Parent-teacher communication is more than just a process of helping improve your student’s or child’s grade. When a child’s parents and teachers communicate better, it leads in better nurturing of their social development.
That’s because educating a child is not the school’s responsibility alone. There needs to be ample communication between the home and the school to foster a safe learning environment for the children.
Here is some important information to help you understand the importance of parent-teacher communication and its effect on your students’ development. We have also included some communication strategies that both parents and teachers can use to establish effective school-home communication.
How Parent-Teacher Relationships Impact Students
Positive parent-teacher relationships significantly impact students’ success. Here are some of the most common advantages students experience when their parents and teachers work as a team.
Proactive Hard Work
When students experience a positive connection with their parents and teachers, they automatically start becoming more invested in their classroom goals. This happens because they understand that both parties are working towards their development, and they must also work hard to reach their academic goals.
And when that hard work translates to better grades and holistic development, students feel more confident sharing their study or life issues with their parents or teachers. This creates a healthy relationship between both parties.
Respect For Teachers
Students are usually observant. When they notice that their teachers respect their parents and are proactive about the happenings in the classroom, they develop a higher level of respect for their teachers. This helps them follow school instructions better and stay excited about sharing their successes with their parents.
Easier Problem Solving
Whether students face issues in their coursework or their day-to-day activities, if they don’t communicate it to their family or teachers, it can lead to poor academic performance. But when relationships are strong, students don’t hesitate to ask questions.
If students know that their teachers and parents are a team and are on their side no matter what, they will have the confidence to overcome obstacles and ask for help when need be.

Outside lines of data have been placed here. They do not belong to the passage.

lemma outside_weight_pos:
  assumes p: "0 < p" "p < 1" and v: "v \<in> {1..n}" and m: "1 \<le> m" "m \<le> n"
  shows "0 < outside_weight n p m v"
proof -
  obtain C where "C \<in> vertex_sets n m v" using vertex_sets_nonempty[OF v m] .
  moreover have "{} \<in> edges_avoiding n C" unfolding edges_avoiding_def by simp
  ultimately have "(C, {}) \<in> (SIGMA C:vertex_sets n m v. edges_avoiding n C)" by simp
  moreover have "finite (SIGMA C:vertex_sets n m v. edges_avoiding n C)"
    by (simp add: finite_vertex_sets finite_edges_avoiding)
  ultimately show ?thesis unfolding outside_weight_def gnp_weight_def
    using p by (intro sum_pos2) auto
qed

lemma measure_gnp_component_size:
  assumes p: "0 < p" "p < 1" and v: "v \<in> {1..n}"
  shows "measure (measure_pmf (gnp n p)) {E. card (comp E v) = m}
       = (\<Sum>H\<in>connected_graphs m. (p / (1 - p)) ^ card H) * outside_weight n p m v"
proof -
  let ?S = "{E \<in> {E. card (comp E v) = m}. E \<subseteq> pairs n}"
  have "finite ?S" by (rule finite_subset[of _ "Pow (pairs n)"]) (auto simp: finite_pairs)
  moreover have "(\<lambda>E. comp_relabel E v) ` ?S \<subseteq> connected_graphs m"
    using relabel_connected[OF _ v] by blast
  ultimately have "(\<Sum>E\<in>?S. gnp_weight n p E)
      = (\<Sum>H\<in>connected_graphs m. \<Sum>E\<in>{E \<in> ?S. comp_relabel E v = H}. gnp_weight n p E)"
    by (rule sum.group[OF _ finite_connected_graphs, symmetric])
  also have "\<dots> = (\<Sum>H\<in>connected_graphs m. (p / (1 - p)) ^ card H * outside_weight n p m v)"
    using sum_component_fiber[OF _ v p(2)]
    by (intro sum.cong refl) (simp add: component_fiber_def conj_ac)
  finally show ?thesis
    using measure_gnp[OF p] by (simp add: sum_distrib_right)
qed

Communication is a social skill that is passively learned. Students rely on their active environment to observe how their peers and elders communicate. If they see a positive link between home and school through well-developed communication channels, they are sure to absorb it and learn from it. This helps them have successful interactions with their classmates, teachers, and parents.
When a student scores well in a test, wins an award, or gets accepted into a college, it’s because their teachers and parents worked hard to provide a conducive environment to help the student thrive.
Parents and teachers need to collaborate and celebrate their success because it motivates them to do better in the future. And this can only happen if parents and teachers are on good communication terms with each other.
Communication Strategies For Teachers
Teachers must understand that parents can serve as a valuable asset in their children’s learning process. If you cultivate a meaningful relationship with your students’ families, you will gain added cooperation and better academic success. So, here are some ways you can reach out to parents to build a relationship with them.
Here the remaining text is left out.